Located in a nameless desert somewhere in the great American Southwest, Night Vale is a small town where ghosts, angels, aliens, and government conspiracies are all commonplace parts of everyday life. It is here that the lives of two women, with two mysteries, will converge.

Nineteen-year-old Night Vale pawn shop owner Jackie Fierro is given a paper marked "King City" by a mysterious man in a tan jacket holding a deer skin suitcase. Everything about him and his paper unsettles her, especially the fact that she can't seem to get the paper to leave her hand, and that no one who meets this man can remember anything about him. Jackie is determined to uncover the mystery of King City and the man in the tan jacket before she herself unravels.

Night Vale PTA treasurer Diane Crayton's son, Josh, is moody and also a shape shifter.

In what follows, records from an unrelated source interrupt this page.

(* Assume $f$ is Lipschitz and satisfies $\mathbf{(AP)_b}$ with $\lambda_1<b<B$. Then $\tilde h(z,t)\to-\infty$ as $|t|\to\infty$, uniformly in $z\in Z$.
   Context: Let $\Omega\subset\mathbb{R}^n$ be a bounded domain with $C^{1,1}$ boundary. Let $Lu=\mathrm{tr}(A(x)D^2u)+b(x)\cdot\nabla u+c(x)u$, where $A\in C(\overline\Omega)$ is symmetric-matrix valued with eigenvalues in $[\lambda,\Lambda]$, $\Lambda\ge\lambda>0$, and $|b|,|c|\le\Lambda$. Fix $p\ge n$, $X=\{u\in W^{2,p}(\Omega):u=0\text{ on }\partial\Omega\}$, $Y=L^p(\Omega)$. $\lambda_1=\sup\{\mu:\exists\,\phi\in W^{2,n}_{\rm loc}(\Omega),\phi>0,(L+\mu)\phi\le0\}$ is the principal (simple) Dirichlet eigenvalue of $-L$ with eigenfunction $\phi_1\in X$, $\phi_1>0$; the adjoint $L^*$ has the same principal eigenvalue with positive eigenfunction $\phi_1^*$; $\langle g,h\rangle=\int_\Omega gh$. $Z=\{g\in Y:\langle g,\phi_1^*\rangle=0\}$, $W=Z\cap X$; $P:Y=Z\oplus\mathbb{R}\phi_1\to Z$, $P(z+s\phi_1)=z$. $F(u)=-Lu-f(u)$. Condition $\mathbf{(AP)_b}$ (lower slope normalized to $a=0$, so $0<\lambda_1<b$): $0\le\frac{f(x)-f(y)}{x-y}\le b$ for $x\ne y$, and for some $M\ge0$, $f(s)\ge\max\{bs-M,-M\}$ for all $s$. $B=B(L,\Omega)>\lambda_1$ is a constant (depending only on $L,\Omega$) for which, whenever $\lambda_1<b<B$, the map $\Psi:X\to Y$, $\Psi(w+t\phi_1)=PF(w+t\phi_1)+t\phi_1$ ($w\in W$, $t\in\mathbb{R}$), is a bi-Lipschitz homeomorphism. The height function is $\tilde h(z,t)=\langle F(\Psi^{-1}(z+t\phi_1)),\phi_1^*\rangle/\langle\phi_1,\phi_1^*\rangle$ for $z\in Z$, $t\in\mathbb{R}$. *)

theory Defs
  imports "HOL-Analysis.Analysis"
begin

text \<open>Near every boundary point, after choosing a unit direction nu, the domain is the
  supergraph of a C^{1,1} function gamma over the hyperplane orthogonal to nu
  (gamma is evaluated only at the orthogonal projection onto that hyperplane).\<close>

definition C11_boundary :: "(real^'n) set \<Rightarrow> bool" where
  "C11_boundary \<Omega> \<longleftrightarrow>
    (\<forall>x0\<in>frontier \<Omega>. \<exists>r>0. \<exists>\<nu> \<gamma> \<gamma>'.
       norm \<nu> = 1 \<and>
       (\<forall>y. (\<gamma> has_derivative \<gamma>' y) (at y)) \<and>
       (\<exists>K. \<forall>y z. onorm (\<lambda>v. \<gamma>' y v - \<gamma>' z v) \<le> K * dist y z) \<and>
       \<Omega> \<inter> ball x0 r = {y \<in> ball x0 r. y \<bullet> \<nu> > \<gamma> (y - (y \<bullet> \<nu>) *\<^sub>R \<nu>)})"

section \<open>Lebesgue and Sobolev spaces (functions are representatives)\<close>

definition pd :: "(real^'n \<Rightarrow> real) \<Rightarrow> 'n \<Rightarrow> real^'n \<Rightarrow> real" where
  "pd \<phi> i x = frechet_derivative \<phi> (at x) (axis i 1)"

definition test_fun :: "(real^'n) set \<Rightarrow> (real^'n \<Rightarrow> real) \<Rightarrow> bool" where
  "test_fun \<Omega> \<phi> \<longleftrightarrow> (\<forall>x. \<phi> differentiable (at x)) \<and> (\<forall>i. continuous_on UNIV (pd \<phi> i)) \<and>
     (\<exists>K. compact K \<and> K \<subseteq> \<Omega> \<and> (\<forall>x. x \<notin> K \<longrightarrow> \<phi> x = 0))"

definition loc_int :: "(real^'n) set \<Rightarrow> (real^'n \<Rightarrow> real) \<Rightarrow> bool" where
  "loc_int \<Omega> u \<longleftrightarrow> (\<forall>K. compact K \<and> K \<subseteq> \<Omega> \<longrightarrow> set_integrable lebesgue K u)"

definition weak_pd :: "(real^'n) set \<Rightarrow> (real^'n \<Rightarrow> real) \<Rightarrow> 'n \<Rightarrow> (real^'n \<Rightarrow> real) \<Rightarrow> bool" where
  "weak_pd \<Omega> u i v \<longleftrightarrow> loc_int \<Omega> u \<and> loc_int \<Omega> v \<and>
     (\<forall>\<phi>. test_fun \<Omega> \<phi> \<longrightarrow>
        (\<integral>x. u x * pd \<phi> i x \<partial>lebesgue_on \<Omega>) = - (\<integral>x. v x * \<phi> x \<partial>lebesgue_on \<Omega>))"

definition Lp :: "(real^'n) set \<Rightarrow> real \<Rightarrow> (real^'n \<Rightarrow> real) \<Rightarrow> bool" where
  "Lp \<Omega> p u \<longleftrightarrow> u \<in> borel_measurable (lebesgue_on \<Omega>) \<and>
     integrable (lebesgue_on \<Omega>) (\<lambda>x. \<bar>u x\<bar> powr p)"

definition Lp_norm :: "(real^'n) set \<Rightarrow> real \<Rightarrow> (real^'n \<Rightarrow> real) \<Rightarrow> real" where
  "Lp_norm \<Omega> p u = (\<integral>x. \<bar>u x\<bar> powr p \<partial>lebesgue_on \<Omega>) powr (1 / p)"

definition grad_w :: "(real^'n) set \<Rightarrow> (real^'n \<Rightarrow> real) \<Rightarrow> 'n \<Rightarrow> real^'n \<Rightarrow> real" where
  "grad_w \<Omega> u = (SOME Du. \<forall>i. weak_pd \<Omega> u i (Du i))"

definition hess_w :: "(real^'n) set \<Rightarrow> (real^'n \<Rightarrow> real) \<Rightarrow> 'n \<Rightarrow> 'n \<Rightarrow> real^'n \<Rightarrow> real" where
  "hess_w \<Omega> u = (SOME D2u. \<forall>i j. weak_pd \<Omega> (grad_w \<Omega> u i) j (D2u i j))"

definition W2p :: "(real^'n) set \<Rightarrow> real \<Rightarrow> (real^'n \<Rightarrow> real) \<Rightarrow> bool" where
  "W2p \<Omega> p u \<longleftrightarrow> Lp \<Omega> p u \<and>
     (\<exists>Du D2u. \<forall>i. weak_pd \<Omega> u i (Du i) \<and> Lp \<Omega> p (Du i) \<and>
        (\<forall>j. weak_pd \<Omega> (Du i) j (D2u i j) \<and> Lp \<Omega> p (D2u i j)))"

definition W2p_loc :: "(real^'n) set \<Rightarrow> real \<Rightarrow> (real^'n \<Rightarrow> real) \<Rightarrow> bool" where
  "W2p_loc \<Omega> p u \<longleftrightarrow>
     (\<exists>Du D2u. \<forall>i. weak_pd \<Omega> u i (Du i) \<and> (\<forall>j. weak_pd \<Omega> (Du i) j (D2u i j))) \<and>
     (\<forall>K. compact K \<and> K \<subseteq> \<Omega> \<longrightarrow> Lp K p u \<and>
        (\<forall>i. Lp K p (grad_w \<Omega> u i) \<and> (\<forall>j. Lp K p (hess_w \<Omega> u i j))))"

definition W2p_norm :: "(real^'n) set \<Rightarrow> real \<Rightarrow> (real^'n \<Rightarrow> real) \<Rightarrow> real" where
  "W2p_norm \<Omega> p u = Lp_norm \<Omega> p u + (\<Sum>i\<in>UNIV. Lp_norm \<Omega> p (grad_w \<Omega> u i))
     + (\<Sum>i\<in>UNIV. \<Sum>j\<in>UNIV. Lp_norm \<Omega> p (hess_w \<Omega> u i j))"

text \<open>Zero boundary values: u lies in W^{1,p}_0, the closure of the test functions in W^{1,p}.\<close>
definition W1p0 :: "(real^'n) set \<Rightarrow> real \<Rightarrow> (real^'n \<Rightarrow> real) \<Rightarrow> bool" where
  "W1p0 \<Omega> p u \<longleftrightarrow> (\<exists>\<phi>s. (\<forall>k. test_fun \<Omega> (\<phi>s k)) \<and>
     (\<lambda>k. Lp_norm \<Omega> p (\<lambda>x. \<phi>s k x - u x)
          + (\<Sum>i\<in>UNIV. Lp_norm \<Omega> p (\<lambda>x. pd (\<phi>s k) i x - grad_w \<Omega> u i x))) \<longlonglongrightarrow> 0)"

definition Xsp :: "(real^'n) set \<Rightarrow> real \<Rightarrow> (real^'n \<Rightarrow> real) set" where
  "Xsp \<Omega> p = {u. W2p \<Omega> p u \<and> W1p0 \<Omega> p u}"

definition Lop :: "(real^'n \<Rightarrow> real^'n^'n) \<Rightarrow> (real^'n \<Rightarrow> real^'n) \<Rightarrow> (real^'n \<Rightarrow> real)
    \<Rightarrow> (real^'n) set \<Rightarrow> (real^'n \<Rightarrow> real) \<Rightarrow> real^'n \<Rightarrow> real" where
  "Lop A b c \<Omega> u x = (\<Sum>i\<in>UNIV. \<Sum>j\<in>UNIV. A x $ i $ j * hess_w \<Omega> u i j x)
       + (\<Sum>i\<in>UNIV. b x $ i * grad_w \<Omega> u i x) + c x * u x"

And lately Diane's started to see her son's father everywhere she goes, looking the same as the day he left years earlier, when they were both teenagers. Josh, looking different every time Diane sees him, shows a stronger and stronger interest in his estranged father, leading to a disaster Diane can see coming, even as she is helpless to prevent it.



~*~

I'm thinking maybe I should preface my review of this novel with something like 'All Hail the Glow Cloud', or 'I survived the summer reading program', or maybe something simple like 'when a person dies and no one will miss them, the mourning is assigned to a random human. That is why you sometimes just feel sad.'.

Why, you ask?

Because, dear readers, I have been a longtime fan, and listener of this wonderfully bizarre, ongoing tale about a quaint little desert town.  And that may make my review quite a bit biased.

Consider yourselves warned about my bias.

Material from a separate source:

(* In the setting described in the context: (i) if $\mathcal B'\in M_{r+1}(\mathbb Z)$ satisfies $\mathcal A\mathcal B'=nI_{r+1}$, then $t$ divides $n$; (ii) consequently, if $(\alpha'_0,\dots,\alpha'_r)\in L^{r+1}$ satisfies $au_j(\alpha'_j)=n>0$ for all $j$ and $au_k(\alpha'_j)=0$ for all $k\ne j$ (a uniform positive dual family to $(au_0,\dots,au_r)$), then $t$ divides $n$; (iii) the family $(\alpha_0,\dots,\alpha_r)$ has the property that for every prime $p$ there is an index $0\le j\le r$ such that $\alpha_j-n'h'\notin pL$ for all $n'\in\mathbb Z$.
   Context: Let $\mathbb K$ be a number field of degree $d=r+2\ge2$ with exactly one pair of complex conjugate embeddings; order its embeddings $\sigma_1,\dots,\sigma_r$ (real), $\sigma_{r+1}=\sigma_{\mathbb C}$, $\sigma_{r+2}=\overline{\sigma_{\mathbb C}}$. A $\mathbb Q$-basis $(e_0,\dots,e_{r+1})$ of $\mathbb K$ is positive if $i\cdot\det(\sigma_j(e_{k-1}))_{1\le j,k\le d}>0$. Let $\mathfrak f\ne\mathcal O_{\mathbb K}$ be an integral ideal, $q\mathbb Z=\mathfrak f\cap\mathbb Z$, $\mathfrak b$ an integral ideal coprime to $\mathfrak f$, $L=\mathfrak f\mathfrak b^{-1}$, $\mathfrak a$ an integral ideal coprime to $\mathfrak f\mathfrak b$ with $\mathfrak a^{-1}L/L$ cyclic, $N=\mathcal N(\mathfrak a)$. An element $h\in L$ is admissible if $h/q-1\in L$ and $h/N$ generates $\mathfrak a^{-1}L/L$. Let $\mathcal O^{+,\times}_{\mathfrak f}$ be the group of units $\equiv1\bmod\mathfrak f$ that are positive at all real embeddings. Let $u_1,\dots,u_r\in\mathcal O^{+,\times}_{\mathfrak f}$ be such that $1,u_1,\dots,u_r$ are $\mathbb Q$-linearly independent, and $u_0=1$. Let $h\in L$ be admissible, $h=mh'$ with $m\in\mathbb Z_{>0}$ and $h'$ primitive in $L$. Fix a positive $\mathbb Z$-basis $(e_0=h',e_1,\dots,e_{r+1})$ of $L$ with $u_jh'=\sum_{k=0}^jc_{jk0}e_k$, $c_{jk0}\in\mathbb Z$, $c_{jj0}>0$; put $\lambda=\prod_{j=1}^rc_{jj0}$ and let $a:L\to\mathbb Z$ be the linear form with $\lambda a=\det(h',u_1h',\dots,u_rh',\cdot)$ (determinant of coordinates in this basis). Write $au_j$ for $y\mapsto a(u_jy)$. Let $\mathcal A=(au_j(e_k))_{0\le j\le r,\,1\le k\le r+1}\in M_{r+1}(\mathbb Z)$, with elementary divisors $1=A_0\mid A_1\mid\dots\mid A_r$, and put $t=A_r$. Let $(b_{ij})_{1\le i\le r+1,0\le j\le r}=t\mathcal A^{-1}$ (an integer matrix) and $\alpha_j=\sum_{i=1}^{r+1}b_{ij}e_i\in L$, so that $au_k(\alpha_j)=t\delta_{jk}$ for all $0\le j,k\le r$. *)

theory Defs
  imports "Jordan_Normal_Form.Determinant" "HOL-Computational_Algebra.Primes"
begin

I loved this novel!  Of course I did, the city council told me I had to, and if I say anything else about it I'm certain a member of the vague, yet menacing government agency will be by to show me how wrong I was to disagree.

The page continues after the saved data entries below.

lemma principal_hitting_mult:
  assumes "A \<subseteq> X" "A \<noteq> {}" "B \<subseteq> X" "B \<noteq> {}"
  shows "C \<in> up_mult X m (principal_family X A) (hitting_family X B) \<longleftrightarrow> C \<subseteq> X \<and> (\<forall>a\<in>A. \<exists>b\<in>B. m a b \<in> C)"
  unfolding up_mult_iff[OF principal_family_upsilon[OF assms(1,2)] hitting_family_upsilon[OF assms(3,4)]]
    principal_family_Collect[OF assms(1)] hitting_family_Collect[OF assms(3)] ..

lemma hitting_principal_mult:
  assumes "A \<subseteq> X" "A \<noteq> {}" "B \<subseteq> X" "B \<noteq> {}"
  shows "C \<in> up_mult X m (hitting_family X A) (principal_family X B) \<longleftrightarrow> C \<subseteq> X \<and> (\<exists>a\<in>A. \<forall>b\<in>B. m a b \<in> C)"
  unfolding up_mult_iff[OF hitting_family_upsilon[OF assms(1,2)] principal_family_upsilon[OF assms(3,4)]]
    hitting_family_Collect[OF assms(1)] principal_family_Collect[OF assms(3)] ..

lemma principal_family_idempotent:
  assumes "A \<subseteq> X" "A \<noteq> {}" "set_mult m A A = A" "\<And>x y. x \<in> X \<Longrightarrow> y \<in> X \<Longrightarrow> m x y \<in> X"
  shows "up_mult X m (principal_family X A) (principal_family X A) = principal_family X A"
  using principal_family_mult[OF assms(1,2,1,2,4)] assms(3) by simp

lemma hitting_family_idempotent:
  assumes "A \<subseteq> X" "A \<noteq> {}" "set_mult m A A = A"
  shows "up_mult X m (hitting_family X A) (hitting_family X A) = hitting_family X A"
proof (rule set_eqI)
  fix C
  have "(\<exists>a\<in>A. \<exists>b\<in>A. m a b \<in> C) \<longleftrightarrow> C \<inter> set_mult m A A \<noteq> {}" unfolding set_mult_def by blast
  then show "C \<in> up_mult X m (hitting_family X A) (hitting_family X A) \<longleftrightarrow> C \<in> hitting_family X A"
    unfolding up_mult_iff[OF hitting_family_upsilon[OF assms(1,2)] hitting_family_upsilon[OF assms(1,2)]]
      hitting_family_Collect[OF assms(1)] using assms(3) by (simp add: hitting_family_def)
qed

section \<open>Consequences of commuting idempotents in \<open>\<upsilon>(X)\<close>\<close>

lemma idempotents_commuteD:
  "idempotents_commute_on S f \<Longrightarrow> a \<in> S \<Longrightarrow> b \<in> S \<Longrightarrow> f a a = a \<Longrightarrow> f b b = b \<Longrightarrow> f a b = f b a"
  unfolding idempotents_commute_on_def by blast

text \<open>Idempotents of \<open>X\<close> commute, since their principal families do.\<close>

lemma base_idempotents_commute:
  assumes S: "semigroup_on X m" and IC: "idempotents_commute_on (upsilon X) (up_mult X m)"
    and x: "x \<in> X" "m x x = x" and y: "y \<in> X" "m y y = y"
  shows "m x y = m y x"
proof -
  note closed = semigroup_closed[OF S]
  note prod = principal_family_singleton_mult[of _ X _ m, OF _ _ closed]
  have "up_mult X m (principal_family X {x}) (principal_family X {y}) = up_mult X m (principal_family X {y}) (principal_family X {x})"
    using idempotents_commuteD[OF IC] principal_family_upsilon[of "{x}" X] principal_family_upsilon[of "{y}" X]
      prod[OF x(1) x(1)] prod[OF y(1) y(1)] x y by simp
  then have "principal_family X {m x y} = principal_family X {m y x}" using prod x y by simp
  then show ?thesis using principal_family_inj[of "{m x y}" X "{m y x}"] closed x y by simp
qed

No really, I did love this book.  Creators and authors Cranor and Fink have captured the off-the-wall feeling I get from the podcast in writing, and reading this book felt like an extension of their already existing world.

Welcome to Night Vale, the novel, has all of the same 'humor', 'mountains', and science I've come to expect from them.  Add to that, an oddly touching pair of stories about growing up and not growing up, and I was thoroughly engrossed from the moment my fingers grasped the cover.

I am eager for the next venture the WtNV world takes, and their track record's looking pretty darn good.  So far, the podcast is amazing, the live shows are the best thing ever because going to one feels like a long awaited family get together, and the novel is so well done that even the hooded figures can't help but read it.

And, yes, I totally read the bits from Cecil in Cecil's voice. :)

-Physical ARC provided by publisher, in exchange for a review.